Anyhow, they came out after some minor performances. I was thrilled to see them, a sort of life-long dream for me. The best part was I didn’t have to work very hard to see it. Before I knew it, there they were: Ladysmith Black Mambazo – a group of eight or so African men, dressed brilliantly with white shoes. I cannot forget the absolute whiteness of their shoes. Their dancing was crisp like that too.

I don’t know if you’ve seen someone sing live yet, but if you have perhaps you’ll notice that they’re nervous or that they really have to strain to make their voices work. This group didn’t seem to suffer any of these normal limitations. They just seemed to sing out of their gladness, as if they were just singing us a story their family had memorized ages ago. It was like how I imagine the nomads sang in biblical times – especially when they sang in their native tongue since it was so tribal and sure. Their song was their culture. I’m speaking now of Ladysmith Black Mambazo again, but I guess I could say the same for the Hittites. What are our cultural songs? I hope these have not been completely lost upon you and your peers.

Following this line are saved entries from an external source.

(* Let $V\in C^\infty(\mathbb{R})$ be real-valued, let $D=\frac{d}{dx}$, let $L=D^2+V(x)$, and let $N\ge 0$ be an integer. The following are equivalent: (i) there exists a linear differential operator $Q=D^{2N+1}+\sum_{j=0}^{2N} q_j(x)D^j$ with $q_j\in C^\infty(\mathbb{R})$ such that $[Q,L]=0$; (ii) there exist functions $a_0,\dots,a_N,b_0,\dots,b_N\in C^\infty(\mathbb{R})$ with $a_N\equiv 1$, and a function $r(x,\varepsilon)$, such that for every real $\varepsilon$ the first-order operator $$\hat Q_\varepsilon=\Big(\sum_{j=0}^N a_j(x)\varepsilon^j\Big)D+\sum_{j=0}^N b_j(x)\varepsilon^j$$ is a Lie symmetry of the equation $(L+\varepsilon)\psi=0$, i.e. $[L+\varepsilon,\hat Q_\varepsilon]=r(x,\varepsilon)\,(L+\varepsilon)$ as differential operators.
   Context: Sign convention: the paper writes its Hamiltonian as $H=-\frac{d^2}{dx^2}+V$, but its determining equations and recursion operators match the operator $L=\frac{d^2}{dx^2}+V$ (equivalently $H=-\frac{d^2}{dx^2}-V$); the statement is given in that consistent convention. A differential operator $\hat Q$ is a (Lie) symmetry of $A\psi=0$ if $[A,\hat Q]=PA$ for some differential operator $P$; for first-order $\hat Q$ and second-order $A=L+\varepsilon$, $P$ is multiplication by a function $r$. *)

theory Defs
  imports "HOL-Analysis.Analysis"
begin

definition smooth :: "(real \<Rightarrow> real) \<Rightarrow> bool" where
  "smooth f \<longleftrightarrow> (\<forall>k x. ((deriv ^^ k) f) differentiable (at x))"

definition Dn :: "nat \<Rightarrow> (real \<Rightarrow> real) \<Rightarrow> real \<Rightarrow> real" where
  "Dn k f = (deriv ^^ k) f"

definition schrL :: "(real \<Rightarrow> real) \<Rightarrow> (real \<Rightarrow> real) \<Rightarrow> real \<Rightarrow> real" where
  "schrL V \<psi> = (\<lambda>x. Dn 2 \<psi> x + V x * \<psi> x)"

definition opQ :: "nat \<Rightarrow> (nat \<Rightarrow> real \<Rightarrow> real) \<Rightarrow> (real \<Rightarrow> real) \<Rightarrow> real \<Rightarrow> real" where
  "opQ N q \<psi> = (\<lambda>x. Dn (2*N+1) \<psi> x + (\<Sum>j\<le>2*N. q j x * Dn j \<psi> x))"

definition opQhat :: "nat \<Rightarrow> (nat \<Rightarrow> real \<Rightarrow> real) \<Rightarrow> (nat \<Rightarrow> real \<Rightarrow> real) \<Rightarrow> real
    \<Rightarrow> (real \<Rightarrow> real) \<Rightarrow> real \<Rightarrow> real" where
  "opQhat N a b \<epsilon> \<psi> = (\<lambda>x. (\<Sum>j\<le>N. a j x * \<epsilon>^j) * deriv \<psi> x + (\<Sum>j\<le>N. b j x * \<epsilon>^j) * \<psi> x)"

end

theory Submission
  imports Defs
begin

text \<open>On solutions of (L + \<epsilon>)\<psi> = 0 we have (-L)^k \<psi> = \<epsilon>^k \<psi>, so an operator
  \<Sum>_k (a_k D + b_k)(-L)^k acts there as the first-order operator
  Qhat_\<epsilon> = (\<Sum>_k a_k \<epsilon>^k) D + \<Sum>_k b_k \<epsilon>^k.
  Since (-L)^k and D(-L)^k have orders 2k and 2k + 1 with leading coefficient (-1)^k, every
  differential operator of order 2N + 1 is uniquely such an expansion (uniqueness is tested on
  Taylor monomials), and for (-1)^N Q the top coefficient is a_N = 1.
  The commutator of L with an expansion is again an expansion; its coefficients vanish exactly
  when the \<epsilon>^k-coefficients of the determining equations a'' + 2b' = 0 and
  b'' - a V' - 2a' V = 2\<epsilon> a' of the symmetry Qhat_\<epsilon> of L + \<epsilon> vanish. So both conditions of the
  theorem are equivalent to the same recursion for the coefficients a_k, b_k.\<close>

section \<open>Smooth functions\<close>

lemma smooth_iff_deriv: "smooth f \<longleftrightarrow> (\<forall>x. f differentiable at x) \<and> smooth (deriv f)"
  unfolding smooth_def
proof safe
  fix k x assume "\<forall>k x. (deriv ^^ k) f differentiable at x"
  then show "(deriv ^^ k) (deriv f) differentiable at x"
    by (metis funpow_Suc_right o_apply)
next
  fix x assume "\<forall>k x. (deriv ^^ k) f differentiable at x"
  then show "f differentiable at x" by (metis funpow_0)
next
  fix k x assume "\<forall>x. f differentiable at x" "\<forall>k x. (deriv ^^ k) (deriv f) differentiable at x"
  then show "(deriv ^^ k) f differentiable at x"
    by (cases k) (auto simp del: funpow.simps simp: funpow_Suc_right)
qed

lemma smooth_coinduct:
  assumes "P f" and step: "\<And>g. P g \<Longrightarrow> (\<forall>x. g differentiable at x) \<and> P (deriv g)"
  shows "smooth f"
proof -
  have "\<forall>g. P g \<longrightarrow> (\<forall>x. (deriv ^^ k) g differentiable at x)" for k
  proof (induction k)
    case 0 then show ?case using step by simp
  next
    case (Suc k) then show ?case using step
      by (auto simp del: funpow.simps simp: funpow_Suc_right)
  qed
  then show ?thesis using assms(1) unfolding smooth_def by blast
qed

lemma smooth_differentiable: "smooth f \<Longrightarrow> f differentiable at x"
  using smooth_iff_deriv by blast

lemma smooth_field_differentiable: "smooth f \<Longrightarrow> f field_differentiable at x"
  by (metis smooth_differentiable DERIV_deriv_iff_real_differentiable
      DERIV_deriv_iff_field_differentiable)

I fear they may already have been for me.

I guess we’ll both just have to listen very closely to the songs of the whole earth. There may yet be a few songs worth remembering and singing. I hope we might be like the remnant that has carried forth the treasures of fine literature and great thought. It is so rich to live close to those rivers; it is so hard to discern where they have disappeared beneath the surface.

[This piece was heavily – and I mean heavily – influenced by the book Gilead by Marilynne Robinson. I highly commend the book to you, and I hope my own stream of consciousness has not insulted her gift. Perhaps I should place a brief excerpt from Gilead on this page?]